O levantamento, realizado pela equipe econômica do Governo do Estado (Secretaria da Fazenda, Secretaria de Planejamento e a Casa Civil) projeta que, embora com o contingenciamento de 15% sobre as receitas de fonte de arrecadação própria, está garantido o cumprimento das obrigações legais com folha de pagamento dos servidores ativos, da Previdência, da amortização e juros, da Educação, Saúde, dos Poderes e om pagamento das dívidas.

Durante a reunião, o secretário de Planejamento, Raphael Bastos, explanou sobre os números reais do estado, enfatizando a priorização das áreas estratégicas e dos serviços essenciais.

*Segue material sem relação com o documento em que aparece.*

lemma full_graph_leveled_graph: "full_graph (leveled_graph L)"
proof -
  have "adj (leveled_graph L) a b" if "a \<noteq> b" for a b
    using that by (auto simp: adj_def leveled_graph_def) (metis linorder_neqE_nat to_nat_split)
  then show ?thesis
    by (simp add: full_graph_def leveled_graph_DAG)
qed

lemma DAG_subset_full_graph:
  assumes "G \<in> DAG"
  obtains H where "full_graph H" "G \<subseteq> H"
proof
  define L where "L x = card {y. (y, x) \<in> G\<^sup>+}" for x
  show "G \<subseteq> leveled_graph L"
  proof safe
    fix x y assume xy: "(x, y) \<in> G"
    have "{z. (z, x) \<in> G\<^sup>+} \<subset> {z. (z, y) \<in> G\<^sup>+}"
    proof
      show "{z. (z, x) \<in> G\<^sup>+} \<subseteq> {z. (z, y) \<in> G\<^sup>+}"
        using xy by (auto intro: trancl_into_trancl)
      have "(x, x) \<notin> G\<^sup>+"
        using assms by (simp add: DAG_def acyclic_def)
      then show "{z. (z, x) \<in> G\<^sup>+} \<noteq> {z. (z, y) \<in> G\<^sup>+}"
        using xy by blast
    qed
    then have "L x < L y"
      unfolding L_def by (intro psubset_card_mono) auto
    then show "(x, y) \<in> leveled_graph L"
      by (simp add: leveled_graph_def)
  qed
qed (rule full_graph_leveled_graph)

lemma full_graphs_markov_equiv:
  assumes "full_graph G" "full_graph H"
  shows "markov_equiv G H"
proof -
  have "adj G a b \<longleftrightarrow> adj H a b" for a b
    using assms DAG_irrefl by (cases "a = b") (auto simp: full_graph_def adj_def)
  moreover have "immoralities G = {}" "immoralities H = {}"
    using assms by (auto simp: full_graph_def immoralities_def)
  ultimately show ?thesis
    by (simp add: markov_equiv_def)
qed

lemma eta_in_family_polytope: "G \<in> DAG \<Longrightarrow> eta G \<in> family_polytope"
  unfolding family_polytope_def by (rule hull_inc) simp

lemma convex_family_polytope: "convex family_polytope"
  unfolding family_polytope_def by simp

lemma facet_exposed_by_score:
  fixes D :: "('n::finite \<times> 'n) set set"
  assumes "is_facet D"
  obtains w u where "family_polytope \<subseteq> {x. w \<bullet> x \<le> u}"
    "convex hull (eta ` D) = family_polytope \<inter> {x. w \<bullet> x = u}"
    "\<And>G. G \<in> DAG \<Longrightarrow> score w G \<le> u"
    "\<And>G. G \<in> DAG \<Longrightarrow> score w G = u \<longleftrightarrow> G \<in> D"
proof -
  have "polyhedron (family_polytope :: (real ^ ('n \<times> 'n set)) set)"
    unfolding family_polytope_def by (intro polytope_imp_polyhedron polytope_convex_hull) simp
  moreover have "convex hull (eta ` D) face_of family_polytope"
    using assms by (simp add: is_facet_def facet_of_imp_face_of)
  ultimately obtain w u where le: "family_polytope \<subseteq> {x. w \<bullet> x \<le> u}"
    and eq: "convex hull (eta ` D) = family_polytope \<inter> {x. w \<bullet> x = u}"
    by (metis exposed_face_of_polyhedron exposed_face_of_def)
  show ?thesis
  proof (rule that[OF le eq])
    fix G :: "('n \<times> 'n) set"
    assume G: "G \<in> DAG"
    show "score w G \<le> u"
      using le eta_in_family_polytope[OF G] by (auto simp: inner_eta_eq_score)
    show "score w G = u \<longleftrightarrow> G \<in> D"
      using eq eta_in_family_polytope[OF G] eta_in_convex_hull_iff[OF G, of D] assms
      by (simp add: is_facet_def inner_eta_eq_score)
  qed
qed

section \<open>Score equivalence\<close>

text \<open>For \<open>card T \<ge> 2\<close>, \<open>family_count G T\<close> is the value at \<open>T\<close> of the characteristic
  imset of \<open>G\<close> (Studeny, Hemmecke and Lindner), a known Markov equivalence invariant.\<close>

definition family_count :: "('n \<times> 'n) set \<Rightarrow> 'n set \<Rightarrow> nat" where
  "family_count G T = card {a \<in> T. T \<subseteq> insert a (pa G a)}"

lemma DAG_sink_exists:
  assumes "H \<in> DAG" "x \<in> (T :: 'n::finite set)"
  obtains i where "i \<in> T" "\<And>y. y \<in> T \<Longrightarrow> (i, y) \<notin> H"
proof -
  have "wf (H\<inverse>)"
    using assms(1) by (intro finite_acyclic_wf_converse) (auto simp: DAG_def)
  then show ?thesis
    using that assms(2) by (metis converse_iff wfE_min)
qed

lemma family_markov_equiv:
  assumes G: "G \<in> DAG" and H: "H \<in> DAG" and GH: "markov_equiv G H"
    and "\<exists>x\<in>T. T \<subseteq> insert x (pa G x)"
  shows "\<exists>i\<in>T. T \<subseteq> insert i (pa H i)"
proof -
  obtain x where x: "x \<in> T" "T \<subseteq> insert x (pa G x)"
    using assms(4) by blast
  obtain i where i: "i \<in> T" and sink: "\<And>y. y \<in> T \<Longrightarrow> (i, y) \<notin> H"
    using DAG_sink_exists[OF H x(1)] by blast
  text \<open>Two non-adjacent parents of \<open>x\<close> would form an immorality at \<open>x\<close>, which \<open>H\<close> shares;
    but the sink \<open>i\<close> of \<open>T\<close> in \<open>H\<close> cannot be one of them.\<close>
  have "adj G i j" if j: "j \<in> T" "j \<noteq> i" for j
  proof (rule ccontr)
    assume nadj: "\<not> adj G i j"
    then have "i \<noteq> x" "j \<noteq> x"
      using x i j by (auto simp: adj_def pa_def)
    then have "(i, x, j) \<in> immoralities G"
      using nadj x i j by (auto simp: immoralities_def pa_def)
    then have "(i, x, j) \<in> immoralities H"
      using GH by (simp add: markov_equiv_def)
    then have "(i, x) \<in> H"
      by (simp add: immoralities_def)
    then show False
      using sink x by blast
  qed
  then have "T \<subseteq> insert i (pa H i)"
    using GH sink by (auto simp: markov_equiv_def adj_def pa_def)
  with i show ?thesis
    by blast
qed

lemma card_family_sinks_le_1:
  assumes G: "G \<in> DAG"
  shows "card {c \<in> T. T \<subseteq> insert c (pa G c)} \<le> 1"
proof -
  have "x = y" if "x \<in> T" "T \<subseteq> insert x (pa G x)" "y \<in> T" "T \<subseteq> insert y (pa G y)" for x y
  proof (rule ccontr)
    assume "x \<noteq> y"
    then have "(x, y) \<in> G" "(y, x) \<in> G"
      using that by (auto simp: pa_def)
    then have "(x, x) \<in> G\<^sup>+"
      by (rule trancl_into_trancl[OF r_into_trancl])
    then show False
      using G by (simp add: DAG_def acyclic_def)
  qed
  then show ?thesis
    by (simp add: card_le_Suc0_iff_eq)
qed

lemma family_count_markov_equiv:
  assumes G: "G \<in> DAG" and H: "H \<in> DAG" and GH: "markov_equiv G H"
  shows "family_count G T = family_count H T"
proof -
  have "family_count K T = (if \<exists>a\<in>T. T \<subseteq> insert a (pa K a) then 1 else 0)" if "K \<in> DAG" for K
    using card_family_sinks_le_1[OF that, of T] card_gt_0_iff[of "{a \<in> T. T \<subseteq> insert a (pa K a)}"]
    by (auto simp: family_count_def)
  moreover have "markov_equiv H G"
    using GH by (simp add: markov_equiv_def)
  ultimately show ?thesis
    using family_markov_equiv[OF G H GH] family_markov_equiv[OF H G] G H by metis
qed

definition moebius_transform :: "('a set \<Rightarrow> 'b::ring_1) \<Rightarrow> 'a set \<Rightarrow> 'b" where
  "moebius_transform s T = (-1) ^ card T * (\<Sum>U\<in>Pow T. (-1) ^ card U * s U)"

lemma sum_moebius_transform: "finite S \<Longrightarrow> s S = (\<Sum>T\<in>Pow S. moebius_transform s T)"
  unfolding moebius_transform_def by (rule inclusion_exclusion_symmetric) simp_all

lemma score_eq_sum_family_count:
  assumes incr: "\<And>a P. a \<notin> P \<Longrightarrow> local_score w a P = s (insert a P) - s P"
    and G: "G \<in> DAG"
  shows "score w G = (\<Sum>T\<in>UNIV. moebius_transform s T * family_count G T)"
proof -
  have "local_score w a (pa G a) = (\<Sum>T\<in>{T. a \<in> T \<and> T \<subseteq> insert a (pa G a)}. moebius_transform s T)" for a
  proof -
    have "local_score w a (pa G a) = s (insert a (pa G a)) - s (pa G a)"
      using incr[OF not_in_pa_DAG[OF G]] .
    also have "\<dots> = (\<Sum>T\<in>Pow (insert a (pa G a)). moebius_transform s T) - (\<Sum>T\<in>Pow (pa G a). moebius_transform s T)"
      by (intro arg_cong2[where f = "(-)"] sum_moebius_transform finite)
    also have "\<dots> = (\<Sum>T\<in>Pow (insert a (pa G a)) - Pow (pa G a). moebius_transform s T)"
      by (rule sum_diff[symmetric]) auto
    also have "Pow (insert a (pa G a)) - Pow (pa G a) = {T. a \<in> T \<and> T \<subseteq> insert a (pa G a)}"
      using not_in_pa_DAG[OF G] by auto
    finally show ?thesis .
  qed
  then have "score w G = (\<Sum>a\<in>UNIV. \<Sum>T\<in>{T\<in>UNIV. a \<in> T \<and> T \<subseteq> insert a (pa G a)}. moebius_transform s T)"
    by (simp add: score_def)
  also have "\<dots> = (\<Sum>T\<in>UNIV. \<Sum>a\<in>{a\<in>UNIV. a \<in> T \<and> T \<subseteq> insert a (pa G a)}. moebius_transform s T)"
    by (rule sum.swap_restrict) simp_all
  finally show ?thesis
    by (simp add: family_count_def mult.commute)
qed

lemma SE_objective_if_score_increments:
  fixes w :: "real ^ ('n::finite \<times> 'n set)"
  assumes "\<And>a P. a \<notin> P \<Longrightarrow> local_score w a P = s (insert a P) - s P"
  shows "SE_objective w"
proof (unfold SE_objective_def, intro ballI impI)
  fix G H :: "('n \<times> 'n) set"
  assume "G \<in> DAG" "H \<in> DAG" "markov_equiv G H"
  then show "w \<bullet> eta G = w \<bullet> eta H"
    by (simp add: inner_eta_eq_score score_eq_sum_family_count[OF assms] family_count_markov_equiv)
qed

definition ordered_score :: "real ^ ('n::finite \<times> 'n set) \<Rightarrow> 'n set \<Rightarrow> real" where
  "ordered_score w T = (\<Sum>x\<in>T. local_score w x {y \<in> T. to_nat y < to_nat x})"

lemma score_leveled_graph:
  assumes "\<And>x. L x = 0 \<longleftrightarrow> x \<in> S"
  shows "score w (leveled_graph L)
    = ordered_score w S + (\<Sum>x\<in>-S. local_score w x (pa (leveled_graph L) x))"
proof -
  have "score w (leveled_graph L)
      = (\<Sum>x\<in>S. local_score w x (pa (leveled_graph L) x)) + (\<Sum>x\<in>-S. local_score w x (pa (leveled_graph L) x))"
    unfolding score_def by (metis Compl_eq_Diff_UNIV add.commute finite subset_UNIV sum.subset_diff)
  moreover have "(\<Sum>x\<in>S. local_score w x (pa (leveled_graph L) x)) = ordered_score w S"
    unfolding ordered_score_def using assms
    by (intro sum.cong refl arg_cong[where f = "local_score w _"]) (auto simp: pa_leveled_graph simp flip: assms)
  ultimately show ?thesis
    by simp
qed

text \<open>Moving \<open>a\<close> from just behind \<open>T\<close> into the ordered block of \<open>T\<close> changes no parent set
  except that of \<open>a\<close>, so comparing the two full graphs isolates \<open>local_score w a T\<close>.\<close>

lemma score_increment_if_full_graphs_tight:
  assumes tight: "\<And>G. full_graph G \<Longrightarrow> score w G = u" and "a \<notin> T"
  shows "local_score w a T = ordered_score w (insert a T) - ordered_score w T"
proof -
  define L1 where "L1 x = (if x \<in> T then 0 else if x = a then 1 else 2::nat)" for x
  define L2 where "L2 x = (if x \<in> insert a T then 0 else 2::nat)" for x
  define R where "R = (\<Sum>x\<in>-insert a T. local_score w x {y. y \<in> insert a T \<or> to_nat y < to_nat x})"
  have rest: "(\<Sum>x\<in>-insert a T. local_score w x (pa (leveled_graph L) x)) = R"
    if "\<And>x. L x \<le> 2" "\<And>x. L x = 2 \<longleftrightarrow> x \<notin> insert a T" for L
  proof -
    have lt2: "L y < 2 \<longleftrightarrow> y \<in> insert a T" and eq2: "y \<notin> insert a T \<Longrightarrow> L y = 2" for y
      using that[of y] by linarith+
    have "pa (leveled_graph L) x = {y. y \<in> insert a T \<or> to_nat y < to_nat x}"
      if "x \<notin> insert a T" for x
      using eq2[OF that] by (auto simp: pa_leveled_graph lt2 eq2)
    then show ?thesis
      unfolding R_def by (intro sum.cong refl arg_cong[where f = "local_score w _"]) simp
  qed
  have "u = score w (leveled_graph L1)"
    by (rule tight[OF full_graph_leveled_graph, symmetric])
  also have "\<dots> = ordered_score w T + (\<Sum>x\<in>-T. local_score w x (pa (leveled_graph L1) x))"
    by (rule score_leveled_graph) (simp add: L1_def)
  also have "-T = insert a (-insert a T)"
    using \<open>a \<notin> T\<close> by auto
  also have "(\<Sum>x\<in>insert a (-insert a T). local_score w x (pa (leveled_graph L1) x))
      = local_score w a (pa (leveled_graph L1) a) + R"
    using rest[of L1] by (simp add: L1_def)
  also have "pa (leveled_graph L1) a = T"
    using \<open>a \<notin> T\<close> by (auto simp: pa_leveled_graph L1_def)
  finally have "u = ordered_score w T + (local_score w a T + R)" .
  moreover have "u = score w (leveled_graph L2)"
    by (rule tight[OF full_graph_leveled_graph, symmetric])
  also have "\<dots> = ordered_score w (insert a T) + R"
    using score_leveled_graph[of L2 "insert a T" w] rest[of L2] by (simp add: L2_def)
  ultimately show ?thesis
    by simp
qed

Nas últimas semanas, a Seplan dedicou-se a fazer uma projeção de arrecadação própria para 2019, chegando ao valor de R$ 3,9 bilhões.

Somando as demais receitas, o valor total chega a R$ 5,02 bilhões. Já as despesas totais somam R$ 5,21 bilhões, deixando um déficit orçamentário de aproximadamente R$ 200 milhões por ano.

O relatório, apresentado ao secretariado atual, trouxe as dívidas herdadas pelo governo anterior, que somam cerca de R$ 244 milhões, e que ainda serão auditadas pela Controladoria Geral e Procuradoria Geral do Estado. Somente após análise, essas contas entrarão para o cronograma de pagamento do estado.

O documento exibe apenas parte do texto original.